INSTRUCTIONS TO FOLLOW:
Whenever the string "lambda" turns up in a line below, that line should be copied.

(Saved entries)

..............................

(* Let $p$ be a positive random partition ($p_N(\pi)>0$ for all $N,\pi$) that generates the potential for TU games, and let $r^p$ be the restriction operator $$w^{r^p}_{-i}(S,\pi)=\frac{n}{n-s}\sum_{B\in\pi\cup\{\emptyset\}}\frac{p_N(\{S\}\cup\pi_{+i\leadsto B})}{p_{N\setminus\{i\}}(\{S\}\cup\pi)}\,w(S,\pi_{+i\leadsto B}).$$ Then (i) the $r^p$-Shapley value equals the $p$-Shapley value, $\mathrm{Sh}^{r^p}=\mathrm{Sh}^p$, where $$\mathrm{Sh}^p_i(w)=\sum_{(T,\tau)\in\mathcal{E}(N\setminus\{i\})}\Big(p_N(\{T\cup\{i\}\}\cup\tau)\,w(T\cup\{i\},\tau)-\frac{t}{n-t}\sum_{B\in\tau\cup\{\emptyset\}}p_N(\{T\}\cup\tau_{+i\leadsto B})\,w(T,\tau_{+i\leadsto B})\Big);$$ (ii) for TU games, $\mathrm{Sh}^{r^p}(v)=\mathrm{Sh}(v)$ for all $N\subseteq\mathbf{U}$ and all TU games $v$ on $N$.
   Context: $\mathbf{U}$ is a finite set of players; cardinalities of $N,S,T,B$ are $n,s,t,b$. $\Pi(N)$ is the set of partitions of $N$ ($\Pi(\emptyset)=\{\emptyset\}$). A random partition is $p=(p_N)_{N\subseteq\mathbf{U}}$ with $p_N$ a probability distribution on $\Pi(N)$. $\pi_{+i\leadsto B}=(\pi\setminus\{B\})\cup\{B\cup\{i\}\}$ for $B\in\pi$, and $\pi_{+i\leadsto\emptyset}=\pi\cup\{\{i\}\}$. TU game on $N$: $v:2^N\to\mathbb{R}$, $v(\emptyset)=0$. Shapley value: $\mathrm{Sh}_i(v)=\sum_{S\subseteq N\setminus\{i\}}\frac{s!(n-s-1)!}{n!}(v(S\cup\{i\})-v(S))$. Potential: $\mathrm{Pot}(v)=\sum_{\emptyset\ne S\subseteq N}\frac{(s-1)!(n-s)!}{n!}v(S)$. Embedded coalitions $\mathcal{E}(N)=\{(S,\pi):S\subseteq N,\pi\in\Pi(N\setminus S)\}$. A TUX game on $N$ is $w:\mathcal{E}(N)\to\mathbb{R}$ with $w(\emptyset,\pi)=0$; $\mathbb{W}(N)$ is their set; a TU game $v$ is identified with the TUX game $w(S,\pi)=v(S)$. $\mathrm{E}_p(w)=\sum_{\pi\in\Pi(N)}p_N(\pi)\sum_{S\in\pi}w(S,\pi\setminus\{S\})$; $p$ generates the potential for TU games if $\mathrm{E}_p(v)=\mathrm{Pot}(v)$ for all TU games $v$. The formula for $w^{r^p}_{-i}$ is for all $N\subseteq\mathbf{U}$, $w\in\mathbb{W}(N)$, $i\in N$, $(S,\pi)\in\mathcal{E}(N\setminus\{i\})$, and defines $w^{r^p}_{-i}\in\mathbb{W}(N\setminus\{i\})$; this operator is path independent ($(w_{-i})_{-j}=(w_{-j})_{-i}$), so removal of a set $T$ of players, $w^{r^p}_{-T}$, is well defined. For such a path independent restriction operator $r$, the $r$-Shapley value is $\mathrm{Sh}^r(w)=\mathrm{Sh}(v^r_w)$, where $v^r_w(S)=w^r_{-(N\setminus S)}(S,\emptyset)$ for $S\subseteq N$. *)

theory Defs
  imports Complex_Main "HOL-Library.Disjoint_Sets"
begin

text \<open>Players form a finite type 'a (the universe U = UNIV).
A TUX game on N is a function w of a coalition S and a partition pi of N - S.\<close>

type_synonym 'a rpart = "'a set \<Rightarrow> 'a set set \<Rightarrow> real"
type_synonym 'a tux = "'a set \<Rightarrow> 'a set set \<Rightarrow> real"

definition Parts :: "'a set \<Rightarrow> 'a set set set" where
  "Parts N = {\<pi>. partition_on N \<pi>}"

definition emb_coal :: "'a set \<Rightarrow> ('a set \<times> 'a set set) set" where
  "emb_coal N = {(S, \<pi>). S \<subseteq> N \<and> \<pi> \<in> Parts (N - S)}"

definition tux_game :: "'a set \<Rightarrow> 'a tux \<Rightarrow> bool" where
  "tux_game N w \<longleftrightarrow> (\<forall>\<pi> \<in> Parts N. w {} \<pi> = 0)"

definition tu_game :: "'a set \<Rightarrow> ('a set \<Rightarrow> real) \<Rightarrow> bool" where
  "tu_game N v \<longleftrightarrow> v {} = 0"

definition tu_as_tux :: "('a set \<Rightarrow> real) \<Rightarrow> 'a tux" where
  "tu_as_tux v = (\<lambda>S \<pi>. v S)"

definition random_partition :: "'a rpart \<Rightarrow> bool" where
  "random_partition p \<longleftrightarrow>
     (\<forall>N. (\<forall>\<pi> \<in> Parts N. p N \<pi> \<ge> 0) \<and> (\<Sum>\<pi> \<in> Parts N. p N \<pi>) = 1)"

definition positive_rp :: "'a rpart \<Rightarrow> bool" where
  "positive_rp p \<longleftrightarrow> (\<forall>N. \<forall>\<pi> \<in> Parts N. p N \<pi> > 0)"

definition add_to :: "'a set set \<Rightarrow> 'a \<Rightarrow> 'a set \<Rightarrow> 'a set set" where
  "add_to \<pi> i B = (if B = {} then insert {i} \<pi> else insert (insert i B) (\<pi> - {B}))"

definition expect :: "'a rpart \<Rightarrow> 'a set \<Rightarrow> 'a tux \<Rightarrow> real" where
  "expect p N w = (\<Sum>\<pi> \<in> Parts N. p N \<pi> * (\<Sum>S \<in> \<pi>. w S (\<pi> - {S})))"

definition Pot :: "'a set \<Rightarrow> ('a set \<Rightarrow> real) \<Rightarrow> real" where
  "Pot N v = (\<Sum>S \<in> {S. S \<subseteq> N \<and> S \<noteq> {}}.
      real (fact (card S - 1) * fact (card N - card S)) / real (fact (card N)) * v S)"

definition generates_potential :: "'a rpart \<Rightarrow> bool" where
  "generates_potential p \<longleftrightarrow>
     (\<forall>N v. tu_game N v \<longrightarrow> expect p N (tu_as_tux v) = Pot N v)"

definition Shapley :: "'a set \<Rightarrow> ('a set \<Rightarrow> real) \<Rightarrow> 'a \<Rightarrow> real" where
  "Shapley N v i = (\<Sum>S \<in> Pow (N - {i}).
      real (fact (card S) * fact (card N - card S - 1)) / real (fact (card N))
      * (v (insert i S) - v S))"

text \<open>The restriction operator r^p: removal of player i from a TUX game on N.
For S = {} the value is 0 (the result is a TUX game, w(emptyset, pi) = 0).\<close>
definition restr_p :: "'a rpart \<Rightarrow> 'a set \<Rightarrow> 'a tux \<Rightarrow> 'a \<Rightarrow> 'a tux" where
  "restr_p p N w i = (\<lambda>S \<pi>. if S = {} then 0 else
      real (card N) / (real (card N) - real (card S)) *
      (\<Sum>B \<in> insert {} \<pi>.
         p N (insert S (add_to \<pi> i B)) / p (N - {i}) (insert S \<pi>) * w S (add_to \<pi> i B)))"

fun remove_list :: "'a rpart \<Rightarrow> 'a set \<Rightarrow> 'a tux \<Rightarrow> 'a list \<Rightarrow> 'a tux" where
  "remove_list p N w [] = w"
| "remove_list p N w (i # is) = remove_list p (N - {i}) (restr_p p N w i) is"

text \<open>Removal of a set T (well defined by path independence; an arbitrary order is chosen).\<close>
definition remove_set :: "'a rpart \<Rightarrow> 'a set \<Rightarrow> 'a tux \<Rightarrow> 'a set \<Rightarrow> 'a tux" where
  "remove_set p N w T = remove_list p N w (SOME xs. set xs = T \<and> distinct xs)"

definition v_restr :: "'a rpart \<Rightarrow> 'a set \<Rightarrow> 'a tux \<Rightarrow> 'a set \<Rightarrow> real" where
  "v_restr p N w S = remove_set p N w (N - S) S {}"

..............................

SOLUTION FOR THIS PROBLEM:
  "tu_as_tux v = (\<lambda>S \<pi>. v S)"
  "restr_p p N w i = (\<lambda>S \<pi>. if S = {} then 0 else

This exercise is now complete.